## EXERCISE GOAL
Go to the line holding "borel \<Theta>) \<and>" in the entries below and write out exactly every line down to and including the line holding "(\<forall>v. v \<noteq>".

[ENTRIES PROVIDED — start]

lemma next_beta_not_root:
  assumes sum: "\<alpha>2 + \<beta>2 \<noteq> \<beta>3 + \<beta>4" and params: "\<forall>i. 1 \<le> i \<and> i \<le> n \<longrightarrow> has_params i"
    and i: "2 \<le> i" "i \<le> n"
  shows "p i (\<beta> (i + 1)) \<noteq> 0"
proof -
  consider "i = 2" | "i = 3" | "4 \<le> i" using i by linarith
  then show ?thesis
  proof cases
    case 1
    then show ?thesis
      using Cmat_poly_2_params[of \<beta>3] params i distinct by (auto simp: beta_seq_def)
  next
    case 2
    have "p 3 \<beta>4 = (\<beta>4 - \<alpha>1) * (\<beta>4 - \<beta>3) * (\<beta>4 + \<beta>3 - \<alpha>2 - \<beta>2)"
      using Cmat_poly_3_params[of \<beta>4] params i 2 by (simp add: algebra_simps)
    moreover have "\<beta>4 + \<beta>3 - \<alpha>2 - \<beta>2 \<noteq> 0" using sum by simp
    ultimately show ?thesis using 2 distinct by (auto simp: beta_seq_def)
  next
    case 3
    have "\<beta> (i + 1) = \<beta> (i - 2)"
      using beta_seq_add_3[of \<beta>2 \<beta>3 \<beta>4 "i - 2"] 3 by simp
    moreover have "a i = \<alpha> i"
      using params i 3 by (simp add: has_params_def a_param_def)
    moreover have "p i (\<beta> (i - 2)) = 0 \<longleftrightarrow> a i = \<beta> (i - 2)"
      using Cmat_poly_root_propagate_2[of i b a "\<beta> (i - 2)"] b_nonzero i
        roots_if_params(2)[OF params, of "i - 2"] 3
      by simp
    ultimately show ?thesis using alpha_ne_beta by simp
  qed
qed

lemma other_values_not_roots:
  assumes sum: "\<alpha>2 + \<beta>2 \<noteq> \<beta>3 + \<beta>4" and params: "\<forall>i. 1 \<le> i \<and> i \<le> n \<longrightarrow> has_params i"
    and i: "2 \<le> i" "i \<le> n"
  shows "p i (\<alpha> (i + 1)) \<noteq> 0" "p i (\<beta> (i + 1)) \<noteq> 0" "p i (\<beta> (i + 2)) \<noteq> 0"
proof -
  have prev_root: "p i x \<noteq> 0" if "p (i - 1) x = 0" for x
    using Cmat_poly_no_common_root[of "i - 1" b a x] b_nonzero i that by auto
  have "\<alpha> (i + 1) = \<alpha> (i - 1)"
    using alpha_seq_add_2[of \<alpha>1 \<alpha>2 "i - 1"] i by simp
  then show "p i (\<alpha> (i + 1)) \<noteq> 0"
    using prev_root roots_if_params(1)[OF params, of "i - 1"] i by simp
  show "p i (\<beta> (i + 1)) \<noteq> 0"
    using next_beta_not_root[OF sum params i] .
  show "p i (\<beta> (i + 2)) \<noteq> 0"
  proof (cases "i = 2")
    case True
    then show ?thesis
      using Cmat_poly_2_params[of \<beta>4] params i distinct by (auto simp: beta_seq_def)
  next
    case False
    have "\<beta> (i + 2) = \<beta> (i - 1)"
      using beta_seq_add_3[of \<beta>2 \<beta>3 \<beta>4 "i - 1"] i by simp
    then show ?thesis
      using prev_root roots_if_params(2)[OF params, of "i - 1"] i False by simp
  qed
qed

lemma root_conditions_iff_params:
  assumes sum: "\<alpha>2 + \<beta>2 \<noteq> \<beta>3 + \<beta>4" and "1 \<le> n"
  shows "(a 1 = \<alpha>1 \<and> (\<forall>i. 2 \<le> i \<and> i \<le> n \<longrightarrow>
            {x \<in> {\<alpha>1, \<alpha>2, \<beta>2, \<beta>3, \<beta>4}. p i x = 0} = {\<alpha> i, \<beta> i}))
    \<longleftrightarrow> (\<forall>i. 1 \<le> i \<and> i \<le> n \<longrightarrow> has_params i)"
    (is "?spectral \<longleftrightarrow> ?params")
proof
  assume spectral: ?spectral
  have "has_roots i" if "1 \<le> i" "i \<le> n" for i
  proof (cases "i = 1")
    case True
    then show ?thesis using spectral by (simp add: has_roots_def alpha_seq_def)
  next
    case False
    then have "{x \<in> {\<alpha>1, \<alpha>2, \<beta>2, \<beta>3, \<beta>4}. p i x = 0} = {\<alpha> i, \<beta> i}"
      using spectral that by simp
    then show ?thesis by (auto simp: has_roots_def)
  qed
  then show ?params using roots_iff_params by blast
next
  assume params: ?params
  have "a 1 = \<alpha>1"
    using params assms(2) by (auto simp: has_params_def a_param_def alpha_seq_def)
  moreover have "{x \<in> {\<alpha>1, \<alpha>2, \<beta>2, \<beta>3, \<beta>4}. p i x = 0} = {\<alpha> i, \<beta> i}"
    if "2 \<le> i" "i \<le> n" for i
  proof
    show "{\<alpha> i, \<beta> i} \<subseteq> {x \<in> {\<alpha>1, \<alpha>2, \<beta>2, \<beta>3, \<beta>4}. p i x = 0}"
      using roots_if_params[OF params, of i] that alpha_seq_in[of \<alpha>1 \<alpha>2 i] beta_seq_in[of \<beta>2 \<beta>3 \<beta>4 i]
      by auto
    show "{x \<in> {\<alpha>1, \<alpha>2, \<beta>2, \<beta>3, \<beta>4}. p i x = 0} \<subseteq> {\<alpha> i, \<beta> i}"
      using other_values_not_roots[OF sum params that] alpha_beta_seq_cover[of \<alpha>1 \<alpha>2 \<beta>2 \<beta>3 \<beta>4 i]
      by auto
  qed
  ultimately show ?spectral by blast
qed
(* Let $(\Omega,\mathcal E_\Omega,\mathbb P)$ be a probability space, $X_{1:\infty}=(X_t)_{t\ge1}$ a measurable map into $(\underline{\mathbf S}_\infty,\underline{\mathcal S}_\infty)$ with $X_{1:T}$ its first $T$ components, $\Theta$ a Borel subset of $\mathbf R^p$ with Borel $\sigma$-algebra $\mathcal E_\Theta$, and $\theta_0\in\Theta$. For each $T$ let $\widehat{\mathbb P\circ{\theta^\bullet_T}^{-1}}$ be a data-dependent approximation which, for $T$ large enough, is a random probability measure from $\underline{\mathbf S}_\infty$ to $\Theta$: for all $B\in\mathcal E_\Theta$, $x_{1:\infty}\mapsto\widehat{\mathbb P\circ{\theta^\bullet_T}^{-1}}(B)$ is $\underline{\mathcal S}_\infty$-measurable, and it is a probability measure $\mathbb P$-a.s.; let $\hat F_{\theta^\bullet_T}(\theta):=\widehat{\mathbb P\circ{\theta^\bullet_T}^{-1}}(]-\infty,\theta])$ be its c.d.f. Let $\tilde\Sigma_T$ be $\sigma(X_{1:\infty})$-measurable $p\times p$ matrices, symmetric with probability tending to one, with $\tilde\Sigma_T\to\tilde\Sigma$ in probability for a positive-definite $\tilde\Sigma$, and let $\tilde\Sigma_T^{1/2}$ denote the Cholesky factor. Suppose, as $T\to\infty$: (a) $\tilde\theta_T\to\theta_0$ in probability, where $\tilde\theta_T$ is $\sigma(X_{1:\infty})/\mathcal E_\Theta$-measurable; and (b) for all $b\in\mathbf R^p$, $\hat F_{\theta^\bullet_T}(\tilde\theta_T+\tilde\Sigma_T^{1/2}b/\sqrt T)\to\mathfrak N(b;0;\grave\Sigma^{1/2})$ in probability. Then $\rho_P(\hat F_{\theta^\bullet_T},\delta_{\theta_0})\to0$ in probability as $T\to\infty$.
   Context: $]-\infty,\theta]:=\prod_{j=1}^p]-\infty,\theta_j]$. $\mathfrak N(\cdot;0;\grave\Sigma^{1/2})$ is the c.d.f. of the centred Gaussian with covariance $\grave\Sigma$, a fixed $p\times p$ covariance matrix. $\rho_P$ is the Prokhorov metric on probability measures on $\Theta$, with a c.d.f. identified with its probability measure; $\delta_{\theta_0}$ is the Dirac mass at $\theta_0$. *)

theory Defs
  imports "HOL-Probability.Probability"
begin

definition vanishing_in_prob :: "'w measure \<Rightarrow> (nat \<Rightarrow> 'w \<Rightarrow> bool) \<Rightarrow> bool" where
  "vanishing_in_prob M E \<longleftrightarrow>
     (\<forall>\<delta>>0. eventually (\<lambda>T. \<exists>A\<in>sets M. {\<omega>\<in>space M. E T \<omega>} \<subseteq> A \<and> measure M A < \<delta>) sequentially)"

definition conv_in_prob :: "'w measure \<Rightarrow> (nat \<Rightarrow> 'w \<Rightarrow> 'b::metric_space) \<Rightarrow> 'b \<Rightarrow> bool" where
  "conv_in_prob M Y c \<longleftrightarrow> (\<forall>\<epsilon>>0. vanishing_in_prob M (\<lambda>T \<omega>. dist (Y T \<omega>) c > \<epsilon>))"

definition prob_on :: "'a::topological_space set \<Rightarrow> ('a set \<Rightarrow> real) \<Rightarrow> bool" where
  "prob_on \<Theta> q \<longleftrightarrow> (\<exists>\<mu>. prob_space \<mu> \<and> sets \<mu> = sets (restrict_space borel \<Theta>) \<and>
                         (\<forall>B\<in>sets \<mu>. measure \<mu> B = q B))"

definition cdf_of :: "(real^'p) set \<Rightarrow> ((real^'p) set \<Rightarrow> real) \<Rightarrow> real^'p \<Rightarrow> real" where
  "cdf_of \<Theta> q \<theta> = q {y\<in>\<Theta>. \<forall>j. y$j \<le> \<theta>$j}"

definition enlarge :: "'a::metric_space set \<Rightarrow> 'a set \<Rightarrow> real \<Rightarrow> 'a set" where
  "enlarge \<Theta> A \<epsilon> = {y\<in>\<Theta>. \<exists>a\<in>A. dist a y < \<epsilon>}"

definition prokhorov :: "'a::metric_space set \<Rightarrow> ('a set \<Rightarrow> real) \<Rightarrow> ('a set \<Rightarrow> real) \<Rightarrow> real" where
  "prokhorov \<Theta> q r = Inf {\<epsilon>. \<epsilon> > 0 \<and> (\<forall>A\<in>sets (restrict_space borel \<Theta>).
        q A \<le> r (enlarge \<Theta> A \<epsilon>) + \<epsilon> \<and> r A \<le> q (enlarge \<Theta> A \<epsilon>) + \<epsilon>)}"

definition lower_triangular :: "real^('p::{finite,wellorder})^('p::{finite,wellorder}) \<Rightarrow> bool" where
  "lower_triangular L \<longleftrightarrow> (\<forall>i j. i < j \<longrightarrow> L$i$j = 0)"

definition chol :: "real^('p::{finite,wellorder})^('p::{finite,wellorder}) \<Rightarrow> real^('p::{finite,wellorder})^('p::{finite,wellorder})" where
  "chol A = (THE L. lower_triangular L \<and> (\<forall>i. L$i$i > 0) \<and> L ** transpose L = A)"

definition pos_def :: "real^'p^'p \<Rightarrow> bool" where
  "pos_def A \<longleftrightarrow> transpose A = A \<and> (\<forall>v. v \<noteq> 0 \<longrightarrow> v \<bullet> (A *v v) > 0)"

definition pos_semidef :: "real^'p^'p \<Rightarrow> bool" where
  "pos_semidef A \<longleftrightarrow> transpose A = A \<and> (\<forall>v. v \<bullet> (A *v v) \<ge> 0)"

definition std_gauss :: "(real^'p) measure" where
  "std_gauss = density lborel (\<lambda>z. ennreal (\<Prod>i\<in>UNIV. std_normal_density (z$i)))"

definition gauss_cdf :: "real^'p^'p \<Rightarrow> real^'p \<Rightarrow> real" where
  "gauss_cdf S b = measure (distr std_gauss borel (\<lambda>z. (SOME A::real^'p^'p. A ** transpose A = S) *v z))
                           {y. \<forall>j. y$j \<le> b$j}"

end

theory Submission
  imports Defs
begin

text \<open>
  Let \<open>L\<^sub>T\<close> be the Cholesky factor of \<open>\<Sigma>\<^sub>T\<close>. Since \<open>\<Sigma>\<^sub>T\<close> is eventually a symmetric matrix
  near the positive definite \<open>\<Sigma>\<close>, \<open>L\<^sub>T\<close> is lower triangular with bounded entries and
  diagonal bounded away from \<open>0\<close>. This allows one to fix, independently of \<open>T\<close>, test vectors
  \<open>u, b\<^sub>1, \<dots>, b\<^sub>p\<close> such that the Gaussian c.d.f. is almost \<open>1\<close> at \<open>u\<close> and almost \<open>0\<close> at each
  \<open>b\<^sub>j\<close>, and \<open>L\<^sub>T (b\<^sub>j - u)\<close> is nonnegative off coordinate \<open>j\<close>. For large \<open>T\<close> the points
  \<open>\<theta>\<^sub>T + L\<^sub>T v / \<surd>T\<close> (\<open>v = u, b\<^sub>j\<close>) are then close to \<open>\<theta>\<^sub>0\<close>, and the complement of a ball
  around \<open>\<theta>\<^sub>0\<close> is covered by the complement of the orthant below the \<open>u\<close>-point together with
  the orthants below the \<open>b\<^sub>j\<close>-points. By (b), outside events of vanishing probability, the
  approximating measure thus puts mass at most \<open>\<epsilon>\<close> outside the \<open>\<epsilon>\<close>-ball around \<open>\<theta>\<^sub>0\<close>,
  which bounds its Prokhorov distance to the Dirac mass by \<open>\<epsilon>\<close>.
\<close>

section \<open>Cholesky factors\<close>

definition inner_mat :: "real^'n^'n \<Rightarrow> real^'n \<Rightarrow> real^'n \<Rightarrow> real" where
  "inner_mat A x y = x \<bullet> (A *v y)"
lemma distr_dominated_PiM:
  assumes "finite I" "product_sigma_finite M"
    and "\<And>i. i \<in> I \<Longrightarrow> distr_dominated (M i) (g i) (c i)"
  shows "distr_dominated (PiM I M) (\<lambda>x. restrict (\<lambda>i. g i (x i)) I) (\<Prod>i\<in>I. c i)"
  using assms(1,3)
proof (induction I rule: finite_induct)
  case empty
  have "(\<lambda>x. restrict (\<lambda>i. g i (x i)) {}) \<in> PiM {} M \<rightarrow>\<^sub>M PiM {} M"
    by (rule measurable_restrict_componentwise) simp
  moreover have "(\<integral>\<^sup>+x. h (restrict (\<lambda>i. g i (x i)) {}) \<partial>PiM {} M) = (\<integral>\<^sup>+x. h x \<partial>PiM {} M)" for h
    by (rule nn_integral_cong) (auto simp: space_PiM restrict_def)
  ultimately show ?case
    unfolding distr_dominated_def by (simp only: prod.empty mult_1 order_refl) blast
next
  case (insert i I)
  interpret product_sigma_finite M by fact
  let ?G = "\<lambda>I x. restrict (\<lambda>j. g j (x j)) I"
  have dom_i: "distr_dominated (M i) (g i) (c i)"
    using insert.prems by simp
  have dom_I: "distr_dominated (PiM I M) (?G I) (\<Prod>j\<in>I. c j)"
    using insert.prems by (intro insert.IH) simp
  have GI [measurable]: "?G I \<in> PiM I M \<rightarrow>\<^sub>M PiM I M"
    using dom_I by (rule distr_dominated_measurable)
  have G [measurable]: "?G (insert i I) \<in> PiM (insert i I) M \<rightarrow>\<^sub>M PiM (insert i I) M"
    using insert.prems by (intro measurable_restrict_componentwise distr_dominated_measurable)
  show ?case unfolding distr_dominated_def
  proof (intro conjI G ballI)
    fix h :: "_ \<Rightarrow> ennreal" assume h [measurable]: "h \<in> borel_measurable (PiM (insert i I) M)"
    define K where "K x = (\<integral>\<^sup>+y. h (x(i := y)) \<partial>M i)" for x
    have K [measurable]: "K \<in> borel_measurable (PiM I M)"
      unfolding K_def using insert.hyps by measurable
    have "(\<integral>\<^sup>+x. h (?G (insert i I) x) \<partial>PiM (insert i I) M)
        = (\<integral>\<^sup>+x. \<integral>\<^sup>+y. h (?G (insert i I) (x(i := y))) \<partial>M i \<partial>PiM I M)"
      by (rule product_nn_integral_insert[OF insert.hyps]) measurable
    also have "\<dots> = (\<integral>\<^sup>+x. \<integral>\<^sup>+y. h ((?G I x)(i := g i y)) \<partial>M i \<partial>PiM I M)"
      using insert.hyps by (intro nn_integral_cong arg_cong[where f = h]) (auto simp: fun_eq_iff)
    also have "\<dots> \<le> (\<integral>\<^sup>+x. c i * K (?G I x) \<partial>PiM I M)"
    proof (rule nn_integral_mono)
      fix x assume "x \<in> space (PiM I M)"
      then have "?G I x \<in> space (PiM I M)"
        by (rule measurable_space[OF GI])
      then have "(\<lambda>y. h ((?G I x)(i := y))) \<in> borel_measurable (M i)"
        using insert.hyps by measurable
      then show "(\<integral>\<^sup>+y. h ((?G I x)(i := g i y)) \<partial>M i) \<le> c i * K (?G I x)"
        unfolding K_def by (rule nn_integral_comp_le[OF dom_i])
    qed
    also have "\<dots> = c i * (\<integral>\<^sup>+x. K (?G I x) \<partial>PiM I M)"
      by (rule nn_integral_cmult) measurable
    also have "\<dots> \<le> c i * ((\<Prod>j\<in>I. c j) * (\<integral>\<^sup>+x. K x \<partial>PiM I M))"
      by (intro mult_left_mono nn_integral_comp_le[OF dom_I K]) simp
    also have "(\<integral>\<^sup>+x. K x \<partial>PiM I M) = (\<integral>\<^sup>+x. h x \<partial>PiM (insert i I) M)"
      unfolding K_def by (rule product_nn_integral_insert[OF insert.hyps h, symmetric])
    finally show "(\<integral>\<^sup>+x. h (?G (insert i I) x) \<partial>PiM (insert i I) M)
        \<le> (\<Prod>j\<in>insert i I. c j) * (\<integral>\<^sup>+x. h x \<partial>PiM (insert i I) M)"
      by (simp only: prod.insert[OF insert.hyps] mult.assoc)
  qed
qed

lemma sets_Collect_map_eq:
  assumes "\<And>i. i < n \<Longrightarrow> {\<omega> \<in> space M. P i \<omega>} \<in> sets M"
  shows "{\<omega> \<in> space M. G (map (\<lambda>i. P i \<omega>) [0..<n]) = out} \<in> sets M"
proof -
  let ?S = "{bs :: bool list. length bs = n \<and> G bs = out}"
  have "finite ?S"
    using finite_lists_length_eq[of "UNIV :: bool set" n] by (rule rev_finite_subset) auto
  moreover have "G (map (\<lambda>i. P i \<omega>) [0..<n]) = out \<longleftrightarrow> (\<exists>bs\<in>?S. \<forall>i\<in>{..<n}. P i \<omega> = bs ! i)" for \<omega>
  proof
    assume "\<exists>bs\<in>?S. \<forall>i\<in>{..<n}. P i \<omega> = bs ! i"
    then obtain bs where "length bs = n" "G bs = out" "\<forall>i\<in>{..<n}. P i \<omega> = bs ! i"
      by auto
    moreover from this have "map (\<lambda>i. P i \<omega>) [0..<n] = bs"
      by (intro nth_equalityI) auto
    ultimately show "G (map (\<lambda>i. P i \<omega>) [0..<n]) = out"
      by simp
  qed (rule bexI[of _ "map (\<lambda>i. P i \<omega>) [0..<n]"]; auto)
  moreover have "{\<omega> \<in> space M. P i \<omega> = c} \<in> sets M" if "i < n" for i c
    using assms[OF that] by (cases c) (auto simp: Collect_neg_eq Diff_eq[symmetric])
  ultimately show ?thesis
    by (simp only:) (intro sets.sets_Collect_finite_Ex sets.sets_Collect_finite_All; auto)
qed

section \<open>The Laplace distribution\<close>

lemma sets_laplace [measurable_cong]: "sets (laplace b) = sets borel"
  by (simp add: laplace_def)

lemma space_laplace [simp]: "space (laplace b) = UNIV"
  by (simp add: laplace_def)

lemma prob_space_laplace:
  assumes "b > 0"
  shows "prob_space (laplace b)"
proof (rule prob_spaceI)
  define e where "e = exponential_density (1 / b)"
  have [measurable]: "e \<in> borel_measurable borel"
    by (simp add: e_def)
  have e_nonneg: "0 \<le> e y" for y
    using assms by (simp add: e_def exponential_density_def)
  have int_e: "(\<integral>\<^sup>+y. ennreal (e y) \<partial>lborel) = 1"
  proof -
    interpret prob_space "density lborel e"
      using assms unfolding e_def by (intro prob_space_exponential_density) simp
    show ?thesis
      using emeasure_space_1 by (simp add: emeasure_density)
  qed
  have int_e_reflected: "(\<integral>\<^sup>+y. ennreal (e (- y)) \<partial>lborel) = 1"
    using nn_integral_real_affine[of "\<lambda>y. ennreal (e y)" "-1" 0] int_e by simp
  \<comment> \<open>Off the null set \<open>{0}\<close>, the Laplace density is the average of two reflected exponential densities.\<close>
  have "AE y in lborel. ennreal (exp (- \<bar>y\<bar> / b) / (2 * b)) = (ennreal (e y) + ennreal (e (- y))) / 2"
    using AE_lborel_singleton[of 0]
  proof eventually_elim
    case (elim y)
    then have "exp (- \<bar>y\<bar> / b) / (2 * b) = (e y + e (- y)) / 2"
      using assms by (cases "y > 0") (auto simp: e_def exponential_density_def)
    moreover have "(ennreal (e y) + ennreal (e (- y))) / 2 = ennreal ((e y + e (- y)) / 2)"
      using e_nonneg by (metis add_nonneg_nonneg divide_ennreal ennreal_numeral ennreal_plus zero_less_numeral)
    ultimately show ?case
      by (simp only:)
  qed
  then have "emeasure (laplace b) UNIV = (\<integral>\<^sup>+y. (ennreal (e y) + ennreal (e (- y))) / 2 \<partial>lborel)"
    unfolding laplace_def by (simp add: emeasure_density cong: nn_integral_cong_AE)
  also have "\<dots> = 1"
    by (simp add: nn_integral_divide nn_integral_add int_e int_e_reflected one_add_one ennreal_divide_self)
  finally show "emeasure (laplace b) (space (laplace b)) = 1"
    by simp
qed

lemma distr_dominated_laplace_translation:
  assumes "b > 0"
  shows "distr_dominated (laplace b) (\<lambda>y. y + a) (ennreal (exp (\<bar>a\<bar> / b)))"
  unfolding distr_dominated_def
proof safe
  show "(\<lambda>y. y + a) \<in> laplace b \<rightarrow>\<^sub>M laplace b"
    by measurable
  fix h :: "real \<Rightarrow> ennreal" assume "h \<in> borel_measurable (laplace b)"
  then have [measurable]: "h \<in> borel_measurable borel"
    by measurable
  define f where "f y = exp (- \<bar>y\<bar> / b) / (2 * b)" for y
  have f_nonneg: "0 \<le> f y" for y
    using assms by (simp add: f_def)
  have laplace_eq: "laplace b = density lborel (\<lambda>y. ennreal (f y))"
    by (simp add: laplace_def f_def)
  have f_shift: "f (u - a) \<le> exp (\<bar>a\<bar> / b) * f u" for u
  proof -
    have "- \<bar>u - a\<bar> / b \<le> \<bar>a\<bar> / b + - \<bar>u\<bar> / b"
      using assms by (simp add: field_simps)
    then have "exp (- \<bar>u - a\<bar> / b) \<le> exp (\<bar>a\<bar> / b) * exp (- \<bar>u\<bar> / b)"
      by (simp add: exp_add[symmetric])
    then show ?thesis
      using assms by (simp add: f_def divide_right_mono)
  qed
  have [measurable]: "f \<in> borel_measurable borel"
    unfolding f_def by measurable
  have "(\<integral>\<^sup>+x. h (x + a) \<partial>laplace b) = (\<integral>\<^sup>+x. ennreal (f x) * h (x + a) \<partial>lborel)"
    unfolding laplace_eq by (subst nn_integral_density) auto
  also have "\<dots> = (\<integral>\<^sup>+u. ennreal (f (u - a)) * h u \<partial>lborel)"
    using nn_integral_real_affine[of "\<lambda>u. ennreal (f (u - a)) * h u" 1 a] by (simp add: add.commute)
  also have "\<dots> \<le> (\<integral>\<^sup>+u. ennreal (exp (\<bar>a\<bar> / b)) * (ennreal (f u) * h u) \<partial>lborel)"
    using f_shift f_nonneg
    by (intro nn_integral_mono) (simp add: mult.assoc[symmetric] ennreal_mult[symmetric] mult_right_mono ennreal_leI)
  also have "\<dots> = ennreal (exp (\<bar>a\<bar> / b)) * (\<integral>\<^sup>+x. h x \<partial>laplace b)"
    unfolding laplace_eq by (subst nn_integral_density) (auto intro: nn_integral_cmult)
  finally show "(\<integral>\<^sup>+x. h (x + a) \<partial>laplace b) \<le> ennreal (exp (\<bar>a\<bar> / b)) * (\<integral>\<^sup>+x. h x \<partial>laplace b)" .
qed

[ENTRIES PROVIDED — finish]

## EXERCISE SOLUTION
  "prob_on \<Theta> q \<longleftrightarrow> (\<exists>\<mu>. prob_space \<mu> \<and> sets \<mu> = sets (restrict_space borel \<Theta>) \<and>
                         (\<forall>B\<in>sets \<mu>. measure \<mu> B = q B))"

definition cdf_of :: "(real^'p) set \<Rightarrow> ((real^'p) set \<Rightarrow> real) \<Rightarrow> real^'p \<Rightarrow> real" where
  "cdf_of \<Theta> q \<theta> = q {y\<in>\<Theta>. \<forall>j. y$j \<le> \<theta>$j}"

definition enlarge :: "'a::metric_space set \<Rightarrow> 'a set \<Rightarrow> real \<Rightarrow> 'a set" where
  "enlarge \<Theta> A \<epsilon> = {y\<in>\<Theta>. \<exists>a\<in>A. dist a y < \<epsilon>}"

definition prokhorov :: "'a::metric_space set \<Rightarrow> ('a set \<Rightarrow> real) \<Rightarrow> ('a set \<Rightarrow> real) \<Rightarrow> real" where
  "prokhorov \<Theta> q r = Inf {\<epsilon>. \<epsilon> > 0 \<and> (\<forall>A\<in>sets (restrict_space borel \<Theta>).
        q A \<le> r (enlarge \<Theta> A \<epsilon>) + \<epsilon> \<and> r A \<le> q (enlarge \<Theta> A \<epsilon>) + \<epsilon>)}"

definition lower_triangular :: "real^('p::{finite,wellorder})^('p::{finite,wellorder}) \<Rightarrow> bool" where
  "lower_triangular L \<longleftrightarrow> (\<forall>i j. i < j \<longrightarrow> L$i$j = 0)"

definition chol :: "real^('p::{finite,wellorder})^('p::{finite,wellorder}) \<Rightarrow> real^('p::{finite,wellorder})^('p::{finite,wellorder})" where
  "chol A = (THE L. lower_triangular L \<and> (\<forall>i. L$i$i > 0) \<and> L ** transpose L = A)"

definition pos_def :: "real^'p^'p \<Rightarrow> bool" where
  "pos_def A \<longleftrightarrow> transpose A = A \<and> (\<forall>v. v \<noteq> 0 \<longrightarrow> v \<bullet> (A *v v) > 0)"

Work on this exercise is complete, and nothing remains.